Aim of the task »
Retype each entry below, keeping every character the same.

Data for processing »
lemma circumradius_attained:
  fixes A :: "'a::euclidean_space set"
  assumes "compact A" "A \<noteq> {}"
  obtains c where "A \<subseteq> cball c (circumradius A)"
proof -
  define R where "R = circumradius A"
  define S where "S = {\<rho>. 0 \<le> \<rho> \<and> (\<exists>x. A \<subseteq> cball x \<rho>)}"
  have "S \<noteq> {}"
    using compact_imp_bounded[OF assms(1)] unfolding bounded_subset_cball S_def by auto
  have "Inf S = R"
    unfolding R_def S_def circumradius_def ..
  have "\<exists>x. A \<subseteq> cball x (R + inverse (real (Suc n)))" for n
  proof -
    have "Inf S < R + inverse (real (Suc n))"
      using \<open>Inf S = R\<close> by simp
    then obtain \<rho> where "\<rho> \<in> S" "\<rho> < R + inverse (real (Suc n))"
      using cInf_lessD[OF \<open>S \<noteq> {}\<close>] by blast
    moreover from \<open>\<rho> \<in> S\<close> obtain x where "A \<subseteq> cball x \<rho>"
      unfolding S_def by blast
    ultimately show ?thesis
      using subset_cball[of \<rho> "R + inverse (real (Suc n))" x] by auto
  qed
  then obtain x where x: "\<And>n. A \<subseteq> cball (x n) (R + inverse (real (Suc n)))"
    by metis
  obtain a where "a \<in> A"
    using assms(2) by blast
  have "x n \<in> cball a (R + 1)" for n
  proof -
    have "dist (x n) a \<le> R + inverse (real (Suc n))"
      using x[of n] \<open>a \<in> A\<close> by auto
    moreover have "inverse (real (Suc n)) \<le> 1"
      by (simp add: inverse_le_1_iff)
    ultimately show ?thesis
      by (simp add: dist_commute)
  qed
  then obtain c s where s: "strict_mono s" "(x \<circ> s) \<longlonglongrightarrow> c"
    using seq_compactE[OF compact_imp_seq_compact[OF compact_cball]] by metis
  have "dist c y \<le> R" if "y \<in> A" for y
  proof (rule LIMSEQ_le)
    show "(\<lambda>n. dist ((x \<circ> s) n) y) \<longlonglongrightarrow> dist c y"
      by (intro tendsto_intros s)
    show "(\<lambda>n. R + inverse (real (Suc (s n)))) \<longlonglongrightarrow> R"
      using tendsto_add[OF tendsto_const LIMSEQ_subseq_LIMSEQ[OF LIMSEQ_inverse_real_of_nat s(1)],
          of R]
      by (simp add: o_def)
    show "\<exists>N. \<forall>n\<ge>N. dist ((x \<circ> s) n) y \<le> R + inverse (real (Suc (s n)))"
      using subsetD[OF x that] by simp
  qed
  then have "A \<subseteq> cball c R"
    by (simp add: subset_iff)
  then show thesis
    unfolding R_def by (rule that)
qed

lemma circumradius_mono:
  fixes A B :: "'a::euclidean_space set"
  assumes "compact B" "A \<noteq> {}" "A \<subseteq> B"
  shows "circumradius A \<le> circumradius B"
proof -
  obtain c where c: "B \<subseteq> cball c (circumradius B)"
    using circumradius_attained[OF assms(1)] assms(2,3) by blast
  obtain a where "a \<in> A"
    using assms(2) by blast
  then have "0 \<le> circumradius B"
    using c assms(3) by (meson dist_not_less_zero le_less_trans linorder_not_le mem_cball subsetD)
  then show ?thesis
    using c assms(3) by (intro circumradius_le) auto
qed

lemma cball_width_minus_circumradius_subset:
  fixes A :: "'a::euclidean_space set"
  assumes "compact A" "convex A" "A \<noteq> {}" "A \<subseteq> cball c R"
  shows "cball c (width A - R) \<subseteq> A"
proof (rule support_ge_imp_cball_subset[OF assms(1-3)])
  fix u :: 'a assume u: "norm u = 1"
  show "u \<bullet> c + (width A - R) \<le> support A u"
    using width_le_breadth[OF assms(1,3) u] lower_support_ge_of_subset_cball[OF assms(1,3,4) u]
    by (simp add: inner_commute)
qed

lemma inradius_add_circumradius_le_diameter:
  fixes A :: "'a::euclidean_space set"
  assumes "compact A" "A \<noteq> {}"
  shows "inradius A + circumradius A \<le> diameter A"
proof -
  have "circumradius A \<le> diameter A - \<rho>" if \<rho>: "0 \<le> \<rho>" "cball x \<rho> \<subseteq> A" for x \<rho>
  proof (rule circumradius_le)
    show "A \<subseteq> cball x (diameter A - \<rho>)"
    proof
      fix p assume "p \<in> A"
      obtain e :: 'a where "norm e = 1"
        using vector_choose_size zero_le_one by blast
      define u where "u = (if p = x then e else (1 / norm (p - x)) *\<^sub>R (p - x))"
      have u: "norm u = 1" "p - x = norm (p - x) *\<^sub>R u"
        using \<open>norm e = 1\<close> by (auto simp: u_def)
      \<comment> \<open>the point of the inscribed ball farthest from \<open>p\<close>\<close>
      have "x - \<rho> *\<^sub>R u \<in> A"
        using \<rho> u(1) by (auto simp: dist_norm)
      then have "dist p (x - \<rho> *\<^sub>R u) \<le> diameter A"
        using diameter_bounded_bound[OF compact_imp_bounded[OF assms(1)] \<open>p \<in> A\<close>] by blast
      moreover have "p - (x - \<rho> *\<^sub>R u) = (norm (p - x) + \<rho>) *\<^sub>R u"
        using u(2) by (simp add: algebra_simps)
      ultimately show "p \<in> cball x (diameter A - \<rho>)"
        using u(1) \<rho>(1) by (simp add: dist_norm norm_minus_commute)
    qed
    have "x \<in> A"
      using \<rho> by auto
    with \<open>A \<subseteq> cball x (diameter A - \<rho>)\<close> show "0 \<le> diameter A - \<rho>"
      by auto
  qed
  then have "inradius A \<le> diameter A - circumradius A"
    using assms(2) by (intro inradius_le) (auto simp: algebra_simps)
  then show ?thesis
    by simp
qed

lemma inradius_of_constant_width:
  fixes A :: "'a::euclidean_space set"
  assumes "compact A" "convex A" "A \<noteq> {}" "width A = diameter A"
  shows "inradius A = diameter A - circumradius A"
proof -
  obtain c where "A \<subseteq> cball c (circumradius A)"
    using circumradius_attained[OF assms(1,3)] .
  then have "cball c (diameter A - circumradius A) \<subseteq> A"
    using cball_width_minus_circumradius_subset[OF assms(1-3)] assms(4) by metis
  moreover have "0 \<le> diameter A - circumradius A"
    using inradius_add_circumradius_le_diameter[OF assms(1,3)] inradius_nonneg[OF assms(1,3)]
    by simp
  ultimately have "diameter A - circumradius A \<le> inradius A"
    by (rule inradius_ge[OF assms(1)])
  then show ?thesis
    using inradius_add_circumradius_le_diameter[OF assms(1,3)] by simp
qed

Finished task »
lemma circumradius_attained:
  fixes A :: "'a::euclidean_space set"
  assumes "compact A" "A \<noteq> {}"
  obtains c where "A \<subseteq> cball c (circumradius A)"
proof -
  define R where "R = circumradius A"
  define S where "S = {\<rho>. 0 \<le> \<rho> \<and> (\<exists>x. A \<subseteq> cball x \<rho>)}"
  have "S \<noteq> {}"
    using compact_imp_bounded[OF assms(1)] unfolding bounded_subset_cball S_def by auto
  have "Inf S = R"
    unfolding R_def S_def circumradius_def ..
  have "\<exists>x. A \<subseteq> cball x (R + inverse (real (Suc n)))" for n
  proof -
    have "Inf S < R + inverse (real (Suc n))"
      using \<open>Inf S = R\<close> by simp
    then obtain \<rho> where "\<rho> \<in> S" "\<rho> < R + inverse (real (Suc n))"
      using cInf_lessD[OF \<open>S \<noteq> {}\<close>] by blast
    moreover from \<open>\<rho> \<in> S\<close> obtain x where "A \<subseteq> cball x \<rho>"
      unfolding S_def by blast
    ultimately show ?thesis
      using subset_cball[of \<rho> "R + inverse (real (Suc n))" x] by auto
  qed
  then obtain x where x: "\<And>n. A \<subseteq> cball (x n) (R + inverse (real (Suc n)))"
    by metis
  obtain a where "a \<in> A"
    using assms(2) by blast
  have "x n \<in> cball a (R + 1)" for n
  proof -
    have "dist (x n) a \<le> R + inverse (real (Suc n))"
      using x[of n] \<open>a \<in> A\<close> by auto
    moreover have "inverse (real (Suc n)) \<le> 1"
      by (simp add: inverse_le_1_iff)
    ultimately show ?thesis
      by (simp add: dist_commute)
  qed
  then obtain c s where s: "strict_mono s" "(x \<circ> s) \<longlonglongrightarrow> c"
    using seq_compactE[OF compact_imp_seq_compact[OF compact_cball]] by metis
  have "dist c y \<le> R" if "y \<in> A" for y
  proof (rule LIMSEQ_le)
    show "(\<lambda>n. dist ((x \<circ> s) n) y) \<longlonglongrightarrow> dist c y"
      by (intro tendsto_intros s)
    show "(\<lambda>n. R + inverse (real (Suc (s n)))) \<longlonglongrightarrow> R"
      using tendsto_add[OF tendsto_const LIMSEQ_subseq_LIMSEQ[OF LIMSEQ_inverse_real_of_nat s(1)],
          of R]
      by (simp add: o_def)
    show "\<exists>N. \<forall>n\<ge>N. dist ((x \<circ> s) n) y \<le> R + inverse (real (Suc (s n)))"
      using subsetD[OF x that] by simp
  qed
  then have "A \<subseteq> cball c R"
    by (simp add: subset_iff)
  then show thesis
    unfolding R_def by (rule that)
qed

lemma circumradius_mono:
  fixes A B :: "'a::euclidean_space set"
  assumes "compact B" "A \<noteq> {}" "A \<subseteq> B"
  shows "circumradius A \<le> circumradius B"
proof -
  obtain c where c: "B \<subseteq> cball c (circumradius B)"
    using circumradius_attained[OF assms(1)] assms(2,3) by blast
  obtain a where "a \<in> A"
    using assms(2) by blast
  then have "0 \<le> circumradius B"
    using c assms(3) by (meson dist_not_less_zero le_less_trans linorder_not_le mem_cball subsetD)
  then show ?thesis
    using c assms(3) by (intro circumradius_le) auto
qed

lemma cball_width_minus_circumradius_subset:
  fixes A :: "'a::euclidean_space set"
  assumes "compact A" "convex A" "A \<noteq> {}" "A \<subseteq> cball c R"
  shows "cball c (width A - R) \<subseteq> A"
proof (rule support_ge_imp_cball_subset[OF assms(1-3)])
  fix u :: 'a assume u: "norm u = 1"
  show "u \<bullet> c + (width A - R) \<le> support A u"
    using width_le_breadth[OF assms(1,3) u] lower_support_ge_of_subset_cball[OF assms(1,3,4) u]
    by (simp add: inner_commute)
qed

lemma inradius_add_circumradius_le_diameter:
  fixes A :: "'a::euclidean_space set"
  assumes "compact A" "A \<noteq> {}"
  shows "inradius A + circumradius A \<le> diameter A"
proof -
  have "circumradius A \<le> diameter A - \<rho>" if \<rho>: "0 \<le> \<rho>" "cball x \<rho> \<subseteq> A" for x \<rho>
  proof (rule circumradius_le)
    show "A \<subseteq> cball x (diameter A - \<rho>)"
    proof
      fix p assume "p \<in> A"
      obtain e :: 'a where "norm e = 1"
        using vector_choose_size zero_le_one by blast
      define u where "u = (if p = x then e else (1 / norm (p - x)) *\<^sub>R (p - x))"
      have u: "norm u = 1" "p - x = norm (p - x) *\<^sub>R u"
        using \<open>norm e = 1\<close> by (auto simp: u_def)
      \<comment> \<open>the point of the inscribed ball farthest from \<open>p\<close>\<close>
      have "x - \<rho> *\<^sub>R u \<in> A"
        using \<rho> u(1) by (auto simp: dist_norm)
      then have "dist p (x - \<rho> *\<^sub>R u) \<le> diameter A"
        using diameter_bounded_bound[OF compact_imp_bounded[OF assms(1)] \<open>p \<in> A\<close>] by blast
      moreover have "p - (x - \<rho> *\<^sub>R u) = (norm (p - x) + \<rho>) *\<^sub>R u"
        using u(2) by (simp add: algebra_simps)
      ultimately show "p \<in> cball x (diameter A - \<rho>)"
        using u(1) \<rho>(1) by (simp add: dist_norm norm_minus_commute)
    qed
    have "x \<in> A"
      using \<rho> by auto
    with \<open>A \<subseteq> cball x (diameter A - \<rho>)\<close> show "0 \<le> diameter A - \<rho>"
      by auto
  qed
  then have "inradius A \<le> diameter A - circumradius A"
    using assms(2) by (intro inradius_le) (auto simp: algebra_simps)
  then show ?thesis
    by simp
qed

lemma inradius_of_constant_width:
  fixes A :: "'a::euclidean_space set"
  assumes "compact A" "convex A" "A \<noteq> {}" "width A = diameter A"
  shows "inradius A = diameter A - circumradius A"
proof -
  obtain c where "A \<subseteq> cball c (circumradius A)"
    using circumradius_attained[OF assms(1,3)] .
  then have "cball c (diameter A - circumradius A) \<subseteq> A"
    using cball_width_minus_circumradius_subset[OF assms(1-3)] assms(4) by metis
  moreover have "0 \<le> diameter A - circumradius A"
    using inradius_add_circumradius_le_diameter[OF assms(1,3)] inradius_nonneg[OF assms(1,3)]
    by simp
  ultimately have "diameter A - circumradius A \<le> inradius A"
    by (rule inradius_ge[OF assms(1)])
  then show ?thesis
    using inradius_add_circumradius_le_diameter[OF assms(1,3)] by simp
qed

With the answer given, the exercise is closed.